Arthritis is a condition causing joint disease or joint pain, leading to inflammation, stiffness, and loss of mobility in the joints.
It’s pretty common and if you’ve had it, you know it’s no joke. It’s a serious public health concern. But guess what? Yoga can help.
With managing arthritis, lifestyle changes like increasing physical activity and physiotherapy are super important. This includes yoga!
Various yoga postures strengthen joint muscles and make the body more flexible, which helps with arthritis symptoms. Plus, practicing yoga helps reduce stress and you’d be surprised how much of a difference that makes.
In this article, I’ll go over the benefits of yoga for arthritis and the top yoga poses that will help the most with managing arthritis pain.
Benefits of Yoga for Arthritis
So why does yoga really benefit folks with arthritis? Let’s get into it!
First off, here’s a quick summary of all the benefits yoga often provides for folks with arthritis:
- Pain relief
- Muscle strength
- More energy
- Improved immune system
- Reduced stress and depressive symptoms
- Increased well-being
Don’t just take my word for this – science backs me up!
Specifically, Johns Hopkins Arthritis Center designed and conducted a large, randomized, controlled trial of how yoga can help sedentary adults with arthritis.
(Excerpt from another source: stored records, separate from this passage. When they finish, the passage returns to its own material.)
(* Let $R$ and $S$ be rings, where $S$ is both $2$-torsion-free and $3$-torsion-free, and let $\varphi:R\to S$ be an additive map with $\varphi(T(R))\subseteq T(S)$. If $a,b\in R$ are tripotents with $ab=ba=0$, then $\varphi(a)\varphi(b)=\varphi(b)\varphi(a)=0$.
   Context: For a ring $A$, $T(A)=\{a\in A: a^3=a\}$ is the set of tripotents. A ring $S$ is $n$-torsion-free if $ns=0$ implies $s=0$. *)

theory Defs
  imports Main
begin

text \<open>Rings need not be unital: we use the type class ring (no 1 required).\<close>

definition tripotents :: "'a::ring set" where
  "tripotents = {a. a * a * a = a}"

text \<open>n-fold sum n s = s + ... + s (n times), avoiding numerals in non-unital rings.\<close>
definition ntimes :: "nat \<Rightarrow> 'a::comm_monoid_add \<Rightarrow> 'a" where
  "ntimes n s = (\<Sum>i<n. s)"

definition torsion_free :: "nat \<Rightarrow> 'a::ring itself \<Rightarrow> bool" where
  "torsion_free n _ \<longleftrightarrow> (\<forall>s::'a. ntimes n s = 0 \<longrightarrow> s = 0)"

definition additive :: "('a::ring \<Rightarrow> 'b::ring) \<Rightarrow> bool" where
  "additive f \<longleftrightarrow> (\<forall>x y. f (x + y) = f x + f y)"

end

theory Submission
  imports Defs
begin

(* For tripotents x, y with x + y and x - y also tripotent, expanding the two cubes shows
   that the mixed term c = x^2 y + x y x + y x^2 satisfies 2c = 0, hence c = 0.
   Multiplying c by x on the left and on the right and using x^3 = x gives xy = yx;
   then c = 3 x^2 y, so x^2 y = 0 and xy = x (x^2 y) = 0.  Orthogonal tripotents a, b
   have a + b and a - b tripotent, and additivity carries this over to phi a and phi b. *)

lemma ntimes_two: "ntimes 2 s = s + s"
  by (simp add: ntimes_def numeral_2_eq_2)

lemma ntimes_three: "ntimes 3 s = s + s + s"
  by (simp add: ntimes_def numeral_3_eq_3 add.assoc)

lemma torsion_free_twoD:
  fixes s :: "'a::ring"
  assumes "torsion_free 2 TYPE('a)" and "s + s = 0"
  shows "s = 0"
  using assms unfolding torsion_free_def ntimes_two by blast

lemma torsion_free_threeD:
  fixes s :: "'a::ring"
  assumes "torsion_free 3 TYPE('a)" and "s + s + s = 0"
  shows "s = 0"
  using assms unfolding torsion_free_def ntimes_three by blast

lemma additive_diff:
  assumes "additive f"
  shows "f (x - y) = f x - f y"
proof -
  have "f (x - y) + f y = f x"
    using assms unfolding additive_def by (metis diff_add_cancel)
  then show ?thesis
    by (simp add: eq_diff_eq)
qed

definition cube_cross :: "'a::ring \<Rightarrow> 'a \<Rightarrow> 'a" where
  "cube_cross x y = x * x * y + x * y * x + y * x * x"

lemma cube_add:
  fixes x y :: "'a::ring"
  shows "(x + y) * (x + y) * (x + y) = x * x * x + y * y * y + cube_cross x y + cube_cross y x"
  by (simp add: cube_cross_def algebra_simps)

lemma cube_diff:
  fixes x y :: "'a::ring"
  shows "(x - y) * (x - y) * (x - y) = x * x * x - y * y * y - cube_cross x y + cube_cross y x"
  by (simp add: cube_cross_def algebra_simps)

lemma cube_cross_orthogonal:
  fixes x y :: "'a::ring"
  assumes "x * y = 0" and "y * x = 0"
  shows "cube_cross x y = 0"
  using assms by (simp add: cube_cross_def mult.assoc)

lemma tripotents_add_orthogonal:
  assumes "a \<in> tripotents" and "b \<in> tripotents" and "a * b = 0" and "b * a = 0"
  shows "a + b \<in> tripotents" and "a - b \<in> tripotents"
  using assms
  by (simp_all add: tripotents_def cube_add cube_diff cube_cross_orthogonal)

lemma cube_cross_zero_if_tripotents_add_diff:
  fixes x y :: "'a::ring"
  assumes "torsion_free 2 TYPE('a)"
    and "x \<in> tripotents" and "y \<in> tripotents"
    and "x + y \<in> tripotents" and "x - y \<in> tripotents"
  shows "cube_cross x y = 0"
proof -
  have sum: "cube_cross x y + cube_cross y x = 0"
    using assms(2-4) by (simp add: tripotents_def cube_add add.assoc)
  have diff: "cube_cross y x = cube_cross x y"
    using assms(2,3,5) by (simp add: tripotents_def cube_diff)
  show ?thesis
    using torsion_free_twoD[OF assms(1)] sum unfolding diff by blast
qed

lemma commute_if_cube_cross_zero:
  fixes x y :: "'a::ring"
  assumes x: "x * x * x = x" and c: "cube_cross x y = 0"
  shows "x * y = y * x"
proof -
  have x_left: "x * (x * (x * z)) = x * z" and x_right: "z * x * x * x = z * x" for z
    using x by (metis mult.assoc)+
  have "x * cube_cross x y = x * y + (x * x * y * x + x * y * x * x)"
    by (simp add: cube_cross_def distrib_left mult.assoc x_left add.assoc)
  moreover have "cube_cross x y * x = y * x + (x * x * y * x + x * y * x * x)"
    using x_right[of y] by (simp add: cube_cross_def distrib_right mult.assoc add_ac)
  ultimately have "x * y + (x * x * y * x + x * y * x * x) = y * x + (x * x * y * x + x * y * x * x)"
    using c by simp
  then show ?thesis
    by simp
qed

lemma mult_zero_if_cube_cross_zero:
  fixes x y :: "'a::ring"
  assumes "torsion_free 3 TYPE('a)" and x: "x * x * x = x" and c: "cube_cross x y = 0"
  shows "x * y = 0"
proof -
  have xy: "x * y = y * x"
    using commute_if_cube_cross_zero[OF x c] .
  have "x * x * y + x * x * y + x * x * y = 0"
    using c unfolding cube_cross_def by (metis xy mult.assoc)
  then have "x * x * y = 0"
    using torsion_free_threeD[OF assms(1)] by blast
  then show ?thesis
    using x by (metis mult.assoc mult_zero_right)
qed

lemma tripotents_orthogonal_if_add_diff:
  fixes x y :: "'a::ring"
  assumes "torsion_free 2 TYPE('a)" and "torsion_free 3 TYPE('a)"
    and "x \<in> tripotents" and "y \<in> tripotents"
    and "x + y \<in> tripotents" and "x - y \<in> tripotents"
  shows "x * y = 0 \<and> y * x = 0"
proof -
  have c: "cube_cross x y = 0"
    using cube_cross_zero_if_tripotents_add_diff assms(1,3-6) .
  have "x * y = 0"
    using mult_zero_if_cube_cross_zero[OF assms(2) _ c] assms(3) by (simp add: tripotents_def)
  moreover have "x * y = y * x"
    using commute_if_cube_cross_zero[OF _ c] assms(3) by (simp add: tripotents_def)
  ultimately show ?thesis
    by simp
qed

theorem lemma6p1:
  fixes \<phi> :: "'r::ring \<Rightarrow> 's::ring"
  assumes "torsion_free 2 TYPE('s)"
    and "torsion_free 3 TYPE('s)"
    and "additive \<phi>"
    and "\<phi> ` tripotents \<subseteq> tripotents"
    and "a \<in> tripotents" and "b \<in> tripotents"
    and "a * b = 0" and "b * a = 0"
  shows "\<phi> a * \<phi> b = 0 \<and> \<phi> b * \<phi> a = 0"
proof (rule tripotents_orthogonal_if_add_diff[OF assms(1,2)])
  have "\<phi> (a + b) \<in> tripotents" and "\<phi> (a - b) \<in> tripotents"
    using tripotents_add_orthogonal[OF assms(5-8)] assms(4) by blast+
  then show "\<phi> a + \<phi> b \<in> tripotents" and "\<phi> a - \<phi> b \<in> tripotents"
    using assms(3) by (simp_all add: additive_def additive_diff)
  show "\<phi> a \<in> tripotents" and "\<phi> b \<in> tripotents"
    using assms(4-6) by blast+
qed

end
The study presented important evidence showing that yoga appears to be effective, safe, feasible, and enjoyable for people with both rheumatoid arthritis and osteoarthritis.
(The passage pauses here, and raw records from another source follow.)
text \<open>Lower semicontinuity passes from the functions level z to their supremum.\<close>

lemma qdist_lower_near:
  assumes "e > 0"
  shows "\<exists>A\<in>\<U>. \<forall>y'\<in>A `` {y}. qdist x y - e < qdist x y'"
proof (cases "qdist x y < e")
  case True
  then show ?thesis
    using qdist_nonneg W_entourage by (meson diff_less_0_iff_less less_le_trans)
next
  case False
  then have lt: "qdist x y - e/2 < qdist x y" and pos: "0 < qdist x y - e/2"
    using assms by linarith+
  obtain z where "qdist x y - e/2 < max 0 (level z y - level z x)"
    using lt by (rule less_qdistE)
  then have z: "qdist x y - e/2 < level z y - level z x"
    using pos by (simp add: less_max_iff_disj)
  obtain A where A: "A \<in> \<U>" "\<forall>y'\<in>A `` {y}. level z y - e/2 < level z y'"
    using level_lower_near assms by (meson half_gt_zero)
  have "qdist x y - e < qdist x y'" if "y' \<in> A `` {y}" for y'
  proof -
    have "level z y - e/2 < level z y'"
      using A(2) that by blast
    moreover have "level z y' - level z x \<le> qdist x y'"
      using qdist_ge[of z y' x] by simp
    ultimately show ?thesis using z by linarith
  qed
  then show ?thesis using A(1) by blast
qed

lemma right_continuous_qdist: "right_continuous \<U> qdist"
proof (rule right_continuousI)
  fix x y and e :: real assume "e > 0"
  obtain A where A: "A \<in> \<U>" "\<forall>y'\<in>A `` {y}. qdist x y' < qdist x y + e"
    using quasi_pseudometric_upper_near[OF quasi_pseudometric_qdist uniform_premetric_qdist \<open>e > 0\<close>]
    by blast
  obtain B where B: "B \<in> \<U>" "\<forall>y'\<in>B `` {y}. qdist x y - e < qdist x y'"
    using qdist_lower_near[OF \<open>e > 0\<close>] by blast
  show "\<exists>C\<in>\<U>. \<forall>y'\<in>C `` {y}. \<bar>qdist x y' - qdist x y\<bar> < e"
  proof (intro bexI ballI)
    fix y' assume "y' \<in> (A \<inter> B) `` {y}"
    then have "qdist x y' < qdist x y + e" "qdist x y - e < qdist x y'"
      using A(2) B(2) by blast+
    then show "\<bar>qdist x y' - qdist x y\<bar> < e" by (simp add: abs_less_iff)
  qed (rule quasi_uniformity_Int[OF qu A(1) B(1)])
qed

lemma qdist_less_one_uinterior:
  "W 0 \<subseteq> U \<Longrightarrow> qdist x y < 1 \<Longrightarrow> y \<in> uinterior \<U> (uclosure \<U> (U `` {x}))"
  using qdist_ge[of x y x] level_self level_less_one_uinterior by fastforce

end

lemma delta_rotund_quasi_pseudometric:
  assumes "quasi_uniformity \<U>" "delta_rotund \<U>" "U \<in> \<U>"
  shows "\<exists>p. (\<forall>x y. p x y \<in> {0..1}) \<and> quasi_pseudometric p \<and>
             uniform_premetric \<U> p \<and> right_continuous \<U> p \<and>
             (\<forall>x. {y. p x y < 1} \<subseteq> uinterior \<U> (uclosure \<U> (U `` {x})))"
proof -
  obtain \<B> where \<B>: "is_base \<U> \<B>" "multiplicative \<B>" "delta_rotund_base \<U> \<B>"
    using assms(2) unfolding delta_rotund_def by blast
  obtain W where W: "W 0 \<subseteq> U" "\<And>n. W n \<in> \<B>" "\<And>n. W (Suc n) O W (Suc n) \<subseteq> W n"
    using halving_sequence_exists[OF assms(1) \<B>(1) assms(3)] by blast
  interpret dyadic_scale \<U> \<B> W
    using assms(1) \<B> W unfolding is_base_def by unfold_locales auto
  show ?thesis
    using qdist_nonneg qdist_le_one quasi_pseudometric_qdist uniform_premetric_qdist
      right_continuous_qdist qdist_less_one_uinterior[OF W(1)]
    by (intro exI[of _ qdist]) auto
qed

lemma delta_rotund_pseudometric:
  assumes un: "uniformity \<U>" and "delta_rotund \<U>" "U \<in> \<U>"
  shows "\<exists>p. (\<forall>x y. p x y \<in> {0..1}) \<and> pseudometric p \<and>
             uniform_premetric \<U> p \<and> right_continuous \<U> p \<and>
             (\<forall>x. {y. p x y < 1} \<subseteq> uinterior \<U> (uclosure \<U> (U `` {x})))"
proof -
  obtain p where p: "\<forall>x y. p x y \<in> {0..1}" "quasi_pseudometric p" "uniform_premetric \<U> p"
      "\<forall>x. {y. p x y < 1} \<subseteq> uinterior \<U> (uclosure \<U> (U `` {x}))"
    using delta_rotund_quasi_pseudometric assms unfolding uniformity_def by blast
  let ?q = "\<lambda>x y. max (p x y) (p y x)"
  have q: "pseudometric ?q" "uniform_premetric \<U> ?q"
    using pseudometric_max_converse[OF p(2)] uniform_premetric_max_converse un p(3) by auto
  moreover have "right_continuous \<U> ?q"
    using q by (rule pseudometric_right_continuous)
  moreover have "?q x y \<in> {0..1}" for x y
    using p(1) by (simp add: le_max_iff_disj)
  moreover have "{y. ?q x y < 1} \<subseteq> uinterior \<U> (uclosure \<U> (U `` {x}))" for x
    using p(4) by fastforce
  ultimately show ?thesis
    by (intro exI[of _ ?q]) blast
qed

theorem corollary2p14:
  fixes \<U> :: "('a \<times> 'a) set set"
  shows "(quasi_uniformity \<U> \<and> delta_rotund \<U> \<longrightarrow>
            (\<forall>U\<in>\<U>. \<exists>p. (\<forall>x y. p x y \<in> {0..1}) \<and> quasi_pseudometric p \<and>
                 uniform_premetric \<U> p \<and> right_continuous \<U> p \<and>
                 (\<forall>x. {y. p x y < 1} \<subseteq> uinterior \<U> (uclosure \<U> (U `` {x})))))
       \<and> (uniformity \<U> \<and> delta_rotund \<U> \<longrightarrow>
            (\<forall>U\<in>\<U>. \<exists>p. (\<forall>x y. p x y \<in> {0..1}) \<and> pseudometric p \<and>
                 uniform_premetric \<U> p \<and> right_continuous \<U> p \<and>
                 (\<forall>x. {y. p x y < 1} \<subseteq> uinterior \<U> (uclosure \<U> (U `` {x})))))"
proof (intro conjI impI ballI)
  fix U assume "quasi_uniformity \<U> \<and> delta_rotund \<U>" "U \<in> \<U>"
  then show "\<exists>p. (\<forall>x y. p x y \<in> {0..1}) \<and> quasi_pseudometric p \<and>
                 uniform_premetric \<U> p \<and> right_continuous \<U> p \<and>
                 (\<forall>x. {y. p x y < 1} \<subseteq> uinterior \<U> (uclosure \<U> (U `` {x})))"
    using delta_rotund_quasi_pseudometric by blast
next
  fix U assume "uniformity \<U> \<and> delta_rotund \<U>" "U \<in> \<U>"
  then show "\<exists>p. (\<forall>x y. p x y \<in> {0..1}) \<and> pseudometric p \<and>
                 uniform_premetric \<U> p \<and> right_continuous \<U> p \<and>
                 (\<forall>x. {y. p x y < 1} \<subseteq> uinterior \<U> (uclosure \<U> (U `` {x})))"
    using delta_rotund_pseudometric by blast
qed

end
First of all, while everyone should be getting regular physical activity, it’s especially important for people with arthritis.
Why? Because people with arthritis often lose muscle strength, physical energy, and endurance. This is in part from their arthritis and part from the tendency for people with arthritis to be sedentary because moving hurts (totally understandable!). But since not moving tends to make things worse, it just starts a vicious cycle.
So how do we break the cycle? Yoga may be a good solution.
Yoga can be a nice gentle way to work regular movement into your life and keep up muscle strength and endurance.
Plus, by stretching the muscles, yoga can provide physical relief of symptoms around the affected joints.
On the mental side of things, yoga (and exercise in general) can help reduce stress and depressive symptoms, promote better well-being, and improve immune functioning. These are all super important for people with arthritis.
Plus, the meditative side of yoga can play an important role in reducing stress and frustration that results specifically from arthritis pain and disability.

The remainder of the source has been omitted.